Most workflows are intent-based, meaning that you configure the workflows using templates and wizards where applicable.
Requirements
The system requirements for the Contrail Command server are:
A VM or physical x86 server with:
4 vCPUs
32 GB RAM
100 GB disk with all user storage in the “/” partition (that is, remove the “/home” partition if it exists, and increase the “/” partition by the amount of freed storage)
Internet access to and from the VM or physical server, hereafter referred to as the Contrail Command server
Runs a version of CentOS that supports your version of Contrail Networking.
We perform regular testing of Contrail Command on CentOS 7 but Contrail Command should work on other common versions of Linux. For a list of CentOS versions that are supported with Contrail Networking and orchestration platform combinations, see Contrail Networking Supported Platforms List.
You can install CentOS with updated packages using the
yum updatecommand.An IP interface attached to the management network. Contrail Command manages Contrail and OpenStack clusters over this interface.
SSH access
Access to the hub.juniper.net registry. See README Access to Contrail Registry 19XX for more information.
<container_tag> See README Access to Contrail Registry 19XX for more information..
Overview
Installation
Contrail Command deploys as a pair of Docker containers.
You install Contrail Command by downloading and running the contrail-command-deployer image, which runs in its own container and exits when the Contrail
Command installation is complete.
Before you begin, set up a CentOS 7 server that meets the specified requirements. For a list of supported platforms, see https://www.juniper.net/documentation/en_US/release-independent/contrail/topics/reference/contrail-supported-platforms.pdf.

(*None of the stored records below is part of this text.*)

subsection \<open>The pentagon\<close>

lemma fibre_idx_fibre_m:
  assumes \<chi>: "\<chi> \<in> mors C" and \<psi>: "\<psi> \<in> mors C" and t: "tgt C \<psi> = src C \<chi>"
    and k: "k < card_o C (tgt C \<chi>)" and l: "l < length (fibre_idx C \<chi> k)"
  shows "map ((!) (fibre_idx C (cmp C \<chi> \<psi>) k)) (fibre_idx C (fibre_m C \<psi> \<chi> k) l) =
    fibre_idx C \<psi> (fibre_idx C \<chi> k ! l)"
proof -
  define L where "L = sfibl (card_m C (cmp C \<chi> \<psi>)) (card_o C (src C \<psi>)) k"
  define j where "j = fibre_idx C \<chi> k ! l"
  have L: "fibre_idx C (cmp C \<chi> \<psi>) k = L" using \<chi> \<psi> t by (simp add: L_def)
  have lenL: "card_o C (src C (fibre_m C \<psi> \<chi> k)) = length L"
    using card_fibre[of "cmp C \<chi> \<psi>" k] \<chi> \<psi> t k by (simp add: L_def cmp_mors)
  have "fibre_idx C (fibre_m C \<psi> \<chi> k) l =
      filter (\<lambda>m. sidx (card_m C \<chi>) (card_m C \<psi> (L ! m)) = l) [0..<length L]"
    unfolding lenL sfibl_def[of "card_m C (fibre_m C \<psi> \<chi> k)"]
    using card_m_fibre_m[of \<psi> \<chi> k] \<chi> \<psi> t k lenL by (intro filter_cong) (auto simp: L_def)
  then have "map ((!) L) (fibre_idx C (fibre_m C \<psi> \<chi> k) l) =
      filter (\<lambda>i. sidx (card_m C \<chi>) (card_m C \<psi> i) = l) L"
    using map_nth_filter[of L "\<lambda>i. sidx (card_m C \<chi>) (card_m C \<psi> i) = l"] by simp
  also have "\<dots> = filter (\<lambda>i. card_m C \<chi> (card_m C \<psi> i) = k \<and> sidx (card_m C \<chi>) (card_m C \<psi> i) = l)
      [0..<card_o C (src C \<psi>)]"
    unfolding L_def sfibl_def[of "card_m C (cmp C \<chi> \<psi>)"] filter_filter
    using card_m_cmp[of \<psi> \<chi>] \<chi> \<psi> t by (intro filter_cong) auto
  also have "\<dots> = filter (\<lambda>i. card_m C \<psi> i = j) [0..<card_o C (src C \<psi>)]"
  proof (intro filter_cong refl)
    fix i assume "i \<in> set [0..<card_o C (src C \<psi>)]"
    then have "card_m C \<psi> i < card_o C (src C \<chi>)" using card_m_less[OF \<psi>] t by simp
    then show "(card_m C \<chi> (card_m C \<psi> i) = k \<and> sidx (card_m C \<chi>) (card_m C \<psi> i) = l) \<longleftrightarrow> card_m C \<psi> i = j"
      using sfibl_nth_eq_iff[OF _ l] unfolding j_def by metis
  qed
  finally show ?thesis unfolding L j_def by (simp only: sfibl_def)
qed

lemma alpha_tuple_fibre_m:
  assumes mors: "\<phi> \<in> mors C" "\<psi> \<in> mors C" "\<chi> \<in> mors C" "tgt C \<phi> = src C \<psi>" "tgt C \<psi> = src C \<chi>"
    and k: "k < card_o C (tgt C \<chi>)"
  shows "alpha_tuple C (fibre_m C \<psi> \<chi> k) (fibre_m C \<phi> (cmp C \<chi> \<psi>) k)
      (map ((!) ys) (fibre_idx C \<chi> k)) (map ((!) zs) (fibre_idx C (cmp C \<chi> \<psi>) k)) =
    map ((!) (alpha_tuple C \<psi> \<phi> ys zs)) (fibre_idx C \<chi> k)"
proof (rule nth_equalityI)
  have len_tgt: "card_o C (tgt C (fibre_m C \<psi> \<chi> k)) = length (fibre_idx C \<chi> k)"
    using card_fibre[OF mors(3) k] mors k by simp
  then show "length (alpha_tuple C (fibre_m C \<psi> \<chi> k) (fibre_m C \<phi> (cmp C \<chi> \<psi>) k)
      (map ((!) ys) (fibre_idx C \<chi> k)) (map ((!) zs) (fibre_idx C (cmp C \<chi> \<psi>) k))) =
    length (map ((!) (alpha_tuple C \<psi> \<phi> ys zs)) (fibre_idx C \<chi> k))"
    by (simp add: alpha_tuple_def)
  fix l assume "l < length (alpha_tuple C (fibre_m C \<psi> \<chi> k) (fibre_m C \<phi> (cmp C \<chi> \<psi>) k)
      (map ((!) ys) (fibre_idx C \<chi> k)) (map ((!) zs) (fibre_idx C (cmp C \<chi> \<psi>) k)))"
  then have l: "l < length (fibre_idx C \<chi> k)" using len_tgt by (simp add: alpha_tuple_def)
  define j where "j = fibre_idx C \<chi> k ! l"
  have j: "j < card_o C (tgt C \<psi>)" "card_m C \<chi> j = k" "sidx (card_m C \<chi>) j = l"
    using sfibl_nth[OF l] sfibl_sidx[OF l] mors by (auto simp: j_def)
  have "fibre_m C (fibre_m C \<phi> (cmp C \<chi> \<psi>) k) (fibre_m C \<psi> \<chi> k) l = fibre_m C \<phi> \<psi> j"
    using double_slice_fibre_m[of \<phi> \<psi> \<chi> j] mors j by simp
  moreover have "map ((!) (map ((!) zs) (fibre_idx C (cmp C \<chi> \<psi>) k))) (fibre_idx C (fibre_m C \<psi> \<chi> k) l) =
      map ((!) zs) (fibre_idx C \<psi> j)"
  proof -
    have "card_o C (src C (fibre_m C \<psi> \<chi> k)) = length (fibre_idx C (cmp C \<chi> \<psi>) k)"
      using card_fibre[of "cmp C \<chi> \<psi>" k] mors k by (simp add: cmp_mors)
    then have "map ((!) (map ((!) zs) (fibre_idx C (cmp C \<chi> \<psi>) k))) (fibre_idx C (fibre_m C \<psi> \<chi> k) l) =
        map ((!) zs) (map ((!) (fibre_idx C (cmp C \<chi> \<psi>) k)) (fibre_idx C (fibre_m C \<psi> \<chi> k) l))"
      by (auto simp: sfibl_def)
    then show ?thesis unfolding fibre_idx_fibre_m[OF mors(3,2,5) k l] j_def .
  qed
  ultimately show "alpha_tuple C (fibre_m C \<psi> \<chi> k) (fibre_m C \<phi> (cmp C \<chi> \<psi>) k)
      (map ((!) ys) (fibre_idx C \<chi> k)) (map ((!) zs) (fibre_idx C (cmp C \<chi> \<psi>) k)) ! l =
    map ((!) (alpha_tuple C \<psi> \<phi> ys zs)) (fibre_idx C \<chi> k) ! l"
    using l len_tgt j mors by (simp add: alpha_tuple_def j_def)
qed

lemma map_coll_alpha_alpha_tuple:
  assumes mors: "\<phi> \<in> mors C" "\<psi> \<in> mors C" "\<chi> \<in> mors C" "tgt C \<phi> = src C \<psi>" "tgt C \<psi> = src C \<chi>"
    and leaves: "set (alpha_tuple C (cmp C \<chi> \<psi>) \<phi> (alpha_tuple C \<chi> \<psi> xs ys) zs) \<subseteq> tens_carrier C (coll_tens C X Y) Z"
  shows "map (coll_fun (coll_alpha C X Y Z)) (alpha_tuple C (cmp C \<chi> \<psi>) \<phi> (alpha_tuple C \<chi> \<psi> xs ys) zs) =
    alpha_tuple C \<chi> (cmp C \<psi> \<phi>) xs (alpha_tuple C \<psi> \<phi> ys zs)"
proof (rule nth_equalityI)
  show "length (map (coll_fun (coll_alpha C X Y Z)) (alpha_tuple C (cmp C \<chi> \<psi>) \<phi> (alpha_tuple C \<chi> \<psi> xs ys) zs)) =
      length (alpha_tuple C \<chi> (cmp C \<psi> \<phi>) xs (alpha_tuple C \<psi> \<phi> ys zs))"
    using mors by (simp add: alpha_tuple_def)
  fix k assume "k < length (map (coll_fun (coll_alpha C X Y Z))
      (alpha_tuple C (cmp C \<chi> \<psi>) \<phi> (alpha_tuple C \<chi> \<psi> xs ys) zs))"
  then have k: "k < card_o C (tgt C \<chi>)" using mors by (simp add: alpha_tuple_def)
  let ?M = "alpha_tuple C (cmp C \<chi> \<psi>) \<phi> (alpha_tuple C \<chi> \<psi> xs ys) zs"
  have Mk: "?M ! k = Tr (Tr (xs ! k) (fibre_m C \<psi> \<chi> k) (map ((!) ys) (fibre_idx C \<chi> k)))
      (fibre_m C \<phi> (cmp C \<chi> \<psi>) k) (map ((!) zs) (fibre_idx C (cmp C \<chi> \<psi>) k))"
    using k mors by (simp add: alpha_tuple_def)
  have "?M ! k \<in> tens_carrier C (coll_tens C X Y) Z"
    using leaves k mors by (auto simp: alpha_tuple_def)
  then have "coll_fun (coll_alpha C X Y Z) (?M ! k) =
      Tr (xs ! k) (fibre_m C (cmp C \<psi> \<phi>) \<chi> k) (map ((!) (alpha_tuple C \<psi> \<phi> ys zs)) (fibre_idx C \<chi> k))"
    unfolding Mk using k mors alpha_tuple_fibre_m[OF mors k, of ys zs]
    by (simp add: coll_alpha_app fibre_m_cmp)
  then show "map (coll_fun (coll_alpha C X Y Z)) ?M ! k = alpha_tuple C \<chi> (cmp C \<psi> \<phi>) xs (alpha_tuple C \<psi> \<phi> ys zs) ! k"
    using k mors by (simp add: alpha_tuple_def[of C \<chi>] alpha_tuple_def[of C "cmp C \<chi> \<psi>"])
qed

lemma coll_pentagon:
  "coll_comp (coll_comp (coll_tensm C (coll_id W) (coll_alpha C X Y Z)) (coll_alpha C W (coll_tens C X Y) Z))
      (coll_tensm C (coll_alpha C W X Y) (coll_id Z)) =
    coll_comp (coll_alpha C W X (coll_tens C Y Z)) (coll_alpha C (coll_tens C W X) Y Z)"
  (is "?lhs = ?rhs")
proof (rule coll_hom_eqI[OF coll_comp_hom[OF coll_tensm_hom[OF coll_alpha_hom coll_id_hom]
      coll_comp_hom[OF coll_alpha_hom coll_tensm_hom[OF coll_id_hom coll_alpha_hom]]]
      coll_comp_hom[OF coll_alpha_hom coll_alpha_hom]])
  fix e assume e: "e \<in> fst (coll_tens C (coll_tens C (coll_tens C W X) Y) Z)"
  then obtain v \<psi> ys \<phi> zs where e_eq: "e = Tr (Tr v \<psi> ys) \<phi> zs"
    and m0: "Tr (Tr v \<psi> ys) \<phi> zs \<in> tens_carrier C (coll_tens C (coll_tens C W X) Y) Z"
    by (rule coll_tens2E)
  from tens2_carrierD(5)[OF m0] obtain w \<chi> xs where v: "v = Tr w \<chi> xs"
    by (rule coll_tensE)
  note m = m0[unfolded v]
  note E = tens2_carrierD[OF m] tens2_carrierD[OF tens2_carrierD(1)[OF m]]
  have mors: "\<phi> \<in> mors C" "\<psi> \<in> mors C" "\<chi> \<in> mors C" "tgt C \<phi> = src C \<psi>" "tgt C \<psi> = src C \<chi>"
    using E by auto
  have "set zs \<subseteq> fst Z" using E by (auto simp: in_set_conv_nth)
  then have l1: "coll_fun (coll_tensm C (coll_alpha C W X Y) (coll_id Z)) e =
      Tr (Tr w (cmp C \<chi> \<psi>) (alpha_tuple C \<chi> \<psi> xs ys)) \<phi> zs"
    unfolding e_eq v using E
    by (simp add: coll_tensm_app[OF coll_alpha_hom coll_id_hom m] coll_alpha_app map_coll_id)
  have ml1: "Tr (Tr w (cmp C \<chi> \<psi>) (alpha_tuple C \<chi> \<psi> xs ys)) \<phi> zs \<in> tens_carrier C (coll_tens C W (coll_tens C X Y)) Z"
    using coll_hom_app(1)[OF coll_tensm_hom[OF coll_alpha_hom coll_id_hom] e] l1 by simp
  note ml2 = alpha_tuple_in_carrier[OF ml1]
  note mr1 = alpha_tuple_in_carrier[OF m]
  have "set (alpha_tuple C (cmp C \<chi> \<psi>) \<phi> (alpha_tuple C \<chi> \<psi> xs ys) zs) \<subseteq> tens_carrier C (coll_tens C X Y) Z"
    using ml2 by (auto simp: tens_carrier_iff in_set_conv_nth)
  then have "coll_fun ?lhs e =
      Tr w (cmp C \<chi> (cmp C \<psi> \<phi>)) (alpha_tuple C \<chi> (cmp C \<psi> \<phi>) xs (alpha_tuple C \<psi> \<phi> ys zs))"
    unfolding coll_comp_app[OF coll_tensm_hom[OF coll_alpha_hom coll_id_hom] e] l1
      coll_comp_app[OF coll_alpha_hom ml1[folded fst_coll_tens]] coll_alpha_app[OF ml1]
      coll_tensm_app[OF coll_id_hom coll_alpha_hom ml2]
    using E mors by (simp add: coll_id_app map_coll_alpha_alpha_tuple cmp_assoc)
  moreover have "coll_fun ?rhs e =
      Tr w (cmp C \<chi> (cmp C \<psi> \<phi>)) (alpha_tuple C \<chi> (cmp C \<psi> \<phi>) xs (alpha_tuple C \<psi> \<phi> ys zs))"
    unfolding coll_comp_app[OF coll_alpha_hom e] unfolding e_eq v coll_alpha_app[OF m] coll_alpha_app[OF mr1] ..
  ultimately show "coll_fun ?lhs e = coll_fun ?rhs e"
    by simp
qed

end

theorem theorem3p4:
  fixes C :: "('o, 'm) opcat"
  assumes "operadic_category C"
  shows "skew_monoidal_category
           (coll_obs C :: ('a, 'o, 'm) cobj set) coll_hom coll_comp coll_id
           (coll_tens C) (coll_tensm C) (coll_unit C)
           (coll_alpha C) (coll_lambda C) (coll_rho C)"
proof -
  interpret operadic C by (rule operadic.intro) (rule assms)
  show ?thesis
    unfolding skew_monoidal_category_def
    by (intro conjI ballI coll_is_category coll_tens_obs coll_tensm_hom coll_tensm_id coll_tensm_comp
        coll_unit_obs coll_alpha_hom coll_lambda_hom coll_rho_hom coll_alpha_natural coll_lambda_natural
        coll_rho_natural coll_lambda_rho coll_lambda_alpha coll_alpha_rho coll_triangle coll_pentagon)
qed

end
(* Let $\mathcal{F}\subseteq 2^{[n]}$ be an s-extremal family. Then there is a unique Sperner family $\mathcal{S}\subseteq 2^{[n]}$ and a unique function $h:\mathcal{S}\to 2^{[n]}$ with $h(S)\subseteq S$ for every $S\in\mathcal{S}$ such that $\mathcal{F}=\mathcal{F}(\mathcal{S},h)$ and $\mathrm{Sh}(\mathcal{F})=\mathcal{H}(\mathcal{S})$.
   Context: $[n]=\{1,\dots,n\}$. A Sperner family is a family of sets none of which is contained in another. $\mathcal{F}$ shatters $S$ if $\{F\cap S:F\in\mathcal{F}\}=2^S$; $\mathrm{Sh}(\mathcal{F})$ is the family of shattered sets; $\mathcal{F}$ is s-extremal if $|\mathrm{Sh}(\mathcal{F})|=|\mathcal{F}|$. For $H\subseteq S\subseteq[n]$, $\mathcal{Q}_{S,H}=\{H\cup B: B\subseteq[n]\setminus S\}$. $\mathcal{H}(\mathcal{S})=\{F\subseteq[n]: \text{no } S\in\mathcal{S} \text{ satisfies } S\subseteq F\}$, and $\mathcal{F}(\mathcal{S},h)=2^{[n]}\setminus\bigcup_{S\in\mathcal{S}}\mathcal{Q}_{S,h(S)}$. *)

theory Defs
  imports Main "HOL-Library.FuncSet"
begin

definition sperner :: "'a set set \<Rightarrow> bool" where
  "sperner \<S> \<longleftrightarrow> (\<forall>A\<in>\<S>. \<forall>B\<in>\<S>. A \<subseteq> B \<longrightarrow> A = B)"

definition shatters :: "'a set set \<Rightarrow> 'a set \<Rightarrow> bool" where
  "shatters \<F> S \<longleftrightarrow> (\<lambda>F. F \<inter> S) ` \<F> = Pow S"

definition Sh :: "nat \<Rightarrow> nat set set \<Rightarrow> nat set set" where
  "Sh n \<F> = {S. S \<subseteq> {1..n} \<and> shatters \<F> S}"

definition s_extremal :: "nat \<Rightarrow> nat set set \<Rightarrow> bool" where
  "s_extremal n \<F> \<longleftrightarrow> card (Sh n \<F>) = card \<F>"

definition Q :: "nat \<Rightarrow> nat set \<Rightarrow> nat set \<Rightarrow> nat set set" where
  "Q n S H = {H \<union> B | B. B \<subseteq> {1..n} - S}"

definition HS :: "nat \<Rightarrow> nat set set \<Rightarrow> nat set set" where
  "HS n \<S> = {F. F \<subseteq> {1..n} \<and> \<not> (\<exists>S\<in>\<S>. S \<subseteq> F)}"

definition FS :: "nat \<Rightarrow> nat set set \<Rightarrow> (nat set \<Rightarrow> nat set) \<Rightarrow> nat set set" where
  "FS n \<S> h = Pow {1..n} - (\<Union>S\<in>\<S>. Q n S (h S))"

end
(* Assume $a,a'\in[0.4,0.58]$ and $c,c'>0$. Then $$\big\|\log|T_{a,b,c}'|-\log|T_{a',b',c'}'|\big\|_{L^1([0,1])}\le|a-a'|\,(3-2\log|a-a'|)+0.7\,\frac{|c-c'|}{\min(c,c')}.$$
   Context: $T_{a,b,c}(x)=(a+(x-\tfrac18)^{1/3})e^{-x}+b$ for $0\le x\le0.3$ and $T_{a,b,c}(x)=c(10xe^{-10x/3})^{19}+b$ for $0.3\le x\le1$, with $(\cdot)^{1/3}$ the real cube root; $T'_{a,b,c}$ denotes its derivative where it exists (almost everywhere). *)

theory Defs
  imports "HOL-Analysis.Analysis"
begin

text \<open>The map T_{a,b,c}; the two pieces agree on their overlap convention at x = 0.3
  only up to a null set, which is irrelevant for the L1 statement.\<close>
definition T :: "real \<Rightarrow> real \<Rightarrow> real \<Rightarrow> real \<Rightarrow> real" where
  "T a b c x = (if x \<le> 3/10 then (a + root 3 (x - 1/8)) * exp (- x) + b
                else c * (10 * x * exp (- 10 * x / 3)) ^ 19 + b)"

end

theory Submission
  imports Defs
begin

text \<open>For x < 3/10 and x \<noteq> 1/8 the derivative is T' x = exp(-x) (g x - a) with
  g x = 1/(3 r^2) - r, r the cube root of x - 1/8, so the integrand there is
  |ln|g x - a| - ln|g x - a'||. Left of 1/8 we have g \<ge> 4/3, far away from a, a' \<le> 0.58, and
  the integrand is at most (4/3)|a - a'|. On (1/8, 3/10] the function g decreases with slope at
  least 4, so |g x - a| \<ge> 4|x - p| for a crossing point p, and the two logarithmic singularities
  at the crossing points of a and a' integrate to at most 2|a - a'|(1 - ln|a - a'|). Right of
  3/10 the integrand is the constant |ln c - ln c'| \<le> |c - c'| / min c c'.\<close>

lemma abs_ln_diff_le:
  fixes u v :: real
  assumes "0 < u" "0 < v"
  shows "\<bar>ln u - ln v\<bar> \<le> \<bar>u - v\<bar> / min u v"
proof -
  have *: "ln x - ln y \<le> (x - y) / y" if "0 < y" "y \<le> x" for x y :: real
  proof -
    have "ln x - ln y = ln (x / y)" using that by (simp add: ln_div)
    also have "\<dots> \<le> x / y - 1" using that by (intro ln_le_minus_one) simp
    also have "\<dots> = (x - y) / y" using that by (simp add: field_simps)
    finally show ?thesis .
  qed
  show ?thesis
  proof (cases "v \<le> u")
    case True
    then show ?thesis using *[of v u] assms by (simp add: min_def)
  next
    case False
    then show ?thesis using *[of u v] assms by (simp add: min_def abs_minus_commute)
  qed
qed

lemma ln_le_neg_one_if_le_quarter:
  fixes d :: real
  assumes "0 < d" "d \<le> 1/4"
  shows "ln d \<le> -1"
proof -
  have "exp 1 \<le> (4::real)" using exp_le by simp
  then have "1 \<le> ln (4::real)" by (metis ln_exp ln_le_cancel_iff exp_gt_zero zero_less_numeral)
  moreover have "ln d \<le> ln (1/4)" using assms by simp
  ultimately show ?thesis by (simp add: ln_div)
qed

subsection \<open>Integrating two logarithmic singularities\<close>

text \<open>With d = |a - a'| and y at distance at least 4 s from a, the share of the log term at a in
  |ln|y - a| - ln|y - a'|| is at most gap_density d s: a square-root majorant of -ln near the
  singularity (4 s < d), the Lipschitz bound d / (4 s) away from it.\<close>

definition gap_density :: "real \<Rightarrow> real \<Rightarrow> real" where
  "gap_density d s = (if 4 * s < d then - ln d - 2 + sqrt d / sqrt s else d / (4 * s))"

definition gap_primitive :: "real \<Rightarrow> real \<Rightarrow> real" where
  "gap_primitive d t = (if 4 * t \<le> d then (- ln d - 2) * t + 2 * sqrt d * sqrt t
     else d * (2 - ln d) / 4 + d / 4 * (ln (4 * t) - ln d))"
text \<open>By substitutability a contract rejected in some round is rejected from every larger set of
  offers, so deferred acceptance rejects only contracts of any set A that contains everything
  hospitals reject from the offers it induces.\<close>

lemma rejected_subset_if_closed:
  assumes "A \<subseteq> X" "cumulative_offers P A - Ch (cumulative_offers P A) \<subseteq> A"
  shows "rejected P k \<subseteq> A"
proof (induction k)
  case (Suc k)
  have offers_sub: "offers P k \<subseteq> cumulative_offers P A"
  proof
    fix z assume z: "z \<in> offers P k"
    have "z \<in> chD P (X - A)" if "z \<notin> A"
    proof (rule chD_antimono[OF _ z])
      show "X - A \<subseteq> X - rejected P k" using Suc.IH by blast
      show "z \<in> X - A" using that z offers_subset by blast
    qed
    then show "z \<in> cumulative_offers P A" by (auto simp: cumulative_offers_def)
  qed
  have "z \<in> A" if "z \<in> offers P k" "z \<notin> Ch (offers P k)" for z
  proof -
    have "z \<notin> Ch (cumulative_offers P A)"
      using chH_substitutes[OF cumulative_offers_subset[OF assms(1)] offers_sub that(1)] that(2)
      by blast
    then show ?thesis using assms(2) offers_sub that(1) by blast
  qed
  then show ?case using Suc.IH by auto
qed simp

lemma offers_subset_later: "j \<le> k \<Longrightarrow> offers P j \<subseteq> offers P k \<union> rejected P k"
proof (induction k)
  case (Suc k)
  have step: "offers P k \<union> rejected P k \<subseteq> offers P (Suc k) \<union> rejected P (Suc k)"
  proof
    fix z assume "z \<in> offers P k \<union> rejected P k"
    moreover have "z \<in> offers P (Suc k)"
      if "z \<in> offers P k" "z \<in> Ch (offers P k)" "z \<notin> rejected P k"
    proof (rule chD_antimono[OF _ that(1)])
      show "X - rejected P (Suc k) \<subseteq> X - rejected P k" by auto
      show "z \<in> X - rejected P (Suc k)" using that offers_subset by auto
    qed
    ultimately show "z \<in> offers P (Suc k) \<union> rejected P (Suc k)" by auto
  qed
  show ?case
    using Suc step by (cases "j = Suc k") auto
qed simp

lemma rejected_in_earlier_round:
  "z \<in> rejected P k \<Longrightarrow> \<exists>j<k. z \<in> offers P j \<and> z \<notin> Ch (offers P j)"
proof (induction k)
  case (Suc k)
  then show ?case by (cases "z \<in> rejected P k") (auto intro: less_SucI)
qed simp

lemma Ch_offers_rejected: "Ch (offers P k \<union> rejected P k) \<subseteq> offers P k"
proof
  fix z assume z: "z \<in> Ch (offers P k \<union> rejected P k)"
  have sub: "offers P k \<union> rejected P k \<subseteq> X" using offers_subset rejected_subset by blast
  show "z \<in> offers P k"
  proof (rule ccontr)
    assume "z \<notin> offers P k"
    then have "z \<in> rejected P k" using chH_subset[OF sub] z by blast
    then obtain j where j: "j < k" "z \<in> offers P j" "z \<notin> Ch (offers P j)"
      using rejected_in_earlier_round by blast
    then show False
      using chH_substitutes[OF sub offers_subset_later[of j k P] j(2) z] by simp
  qed
qed

text \<open>Substitutability gives Ch T \<subseteq> Ch Y for the cumulative offers T \<supseteq> Y, and the law of
  aggregate demand upgrades this inclusion to equality.\<close>

lemma Ch_gda_rejections: "Ch (gda H X B tb P \<union> rejections P) = gda H X B tb P"
proof -
  let ?Y = "gda H X B tb P" and ?T = "gda H X B tb P \<union> rejections P"
  have T: "?T \<subseteq> X" using gda_subset rejected_subset by blast
  have "Ch ?T \<subseteq> ?Y" using Ch_offers_rejected[of P "final_round P"] by (simp add: gda_eq)
  then have sub: "Ch ?T \<subseteq> Ch ?Y" using chH_substitutes[OF T] by blast
  moreover have "card (Ch ?Y) \<le> card (Ch ?T)" using chH_card_mono[OF T] by blast
  moreover have "finite (Ch ?Y)" using gda_subset finite_contracts chH_subset
    by (meson finite_subset)
  ultimately have "Ch ?T = Ch ?Y" by (simp add: card_seteq)
  then show ?thesis using gda_fixpoint by simp
qed

lemma rejections_least:
  assumes "chD P (X - rejections Q) = gda H X B tb Q"
  shows "rejections P \<subseteq> rejections Q"
proof (rule rejected_subset_if_closed[OF rejected_subset])
  have "cumulative_offers P (rejections Q) = gda H X B tb Q \<union> rejections Q"
    by (simp add: cumulative_offers_def assms)
  then show "cumulative_offers P (rejections Q) - Ch (cumulative_offers P (rejections Q))
      \<subseteq> rejections Q"
    using Ch_gda_rejections by auto
qed

lemma card_gda_le:
  assumes "chD P (X - rejections Q) = gda H X B tb Q"
  shows "card (gda H X B tb P) \<le> card (gda H X B tb Q)"
proof -
  have "cumulative_offers P (rejections P) \<subseteq> cumulative_offers P (rejections Q)"
    by (rule cumulative_offers_mono[OF rejections_least[OF assms]])
  also have "\<dots> = gda H X B tb Q \<union> rejections Q" by (simp add: cumulative_offers_def assms)
  finally have "cumulative_offers P (rejections P) \<subseteq> gda H X B tb Q \<union> rejections Q" .
  then have "card (Ch (cumulative_offers P (rejections P))) \<le> card (Ch (gda H X B tb Q \<union> rejections Q))"
    using gda_subset rejected_subset by (intro chH_card_mono) auto
  then show ?thesis by (simp only: cumulative_offers_rejections Ch_gda_rejections)
qed

lemma gda_acceptable: "m \<in> gda H X B tb P \<Longrightarrow> (Some m, None) \<in> P (cD m)"
  by (simp add: gda_eq chD_iff)

lemma gda_unique:
  "asym (P d) \<Longrightarrow> y \<in> gda H X B tb P \<Longrightarrow> z \<in> gda H X B tb P \<Longrightarrow> cD y = d \<Longrightarrow> cD z = d \<Longrightarrow> y = z"
  unfolding gda_eq by (rule chD_unique)

lemma outcome_gda:
  "asym (P d) \<Longrightarrow> m \<in> gda H X B tb P \<Longrightarrow> cD m = d \<Longrightarrow> outcome (gda H X B tb P) d = Some m"
  by (rule outcome_eq_Some) (use gda_unique in blast)+

lemma outcome_gda_cases:
  assumes "asym (P d)"
  obtains "outcome (gda H X B tb P) d = None" "\<And>y. y \<in> gda H X B tb P \<Longrightarrow> cD y \<noteq> d"
  | m where "m \<in> gda H X B tb P" "cD m = d" "outcome (gda H X B tb P) d = Some m"
  using outcome_gda[where P = P and d = d, OF assms] outcome_eq_None by metis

Additionally, remove any installed Python Docker (docker and docker-py) libraries from the server. The contrail-command-deployer automatically installs all necessary libraries. If you are using
a freshly installed minimal CentOS 7 server, then these Python Docker
libraries do not yet exist on the server and you do not have to take
any action.
pip uninstall docker docker-py
There is no harm if you issue the above command when no Python Docker libraries are installed.
Procedure
Step-by-Step Procedure
Perform the following steps on a CentOS 7 server to configure and install Contrail Command.
Install and start the Docker Engine. The following set of commands adds the Docker repository and installs and starts Docker Community Edition version 18.06 as an example.
yum install -y yum-utils device-mapper-persistent-data lvm2 yum-config-manager --add-repo \ https://download.docker.com/linux/centos/docker-ce.repo yum install -y docker-ce-18.06.0.ce systemctl start docker
Pull the
contrail-command-deployerDocker image from hub.juniper.net.See README Access to Contrail Registry 19XX for information on how to get credentials to access the secure hub.juniper.net registry and for the name of the container tag to use.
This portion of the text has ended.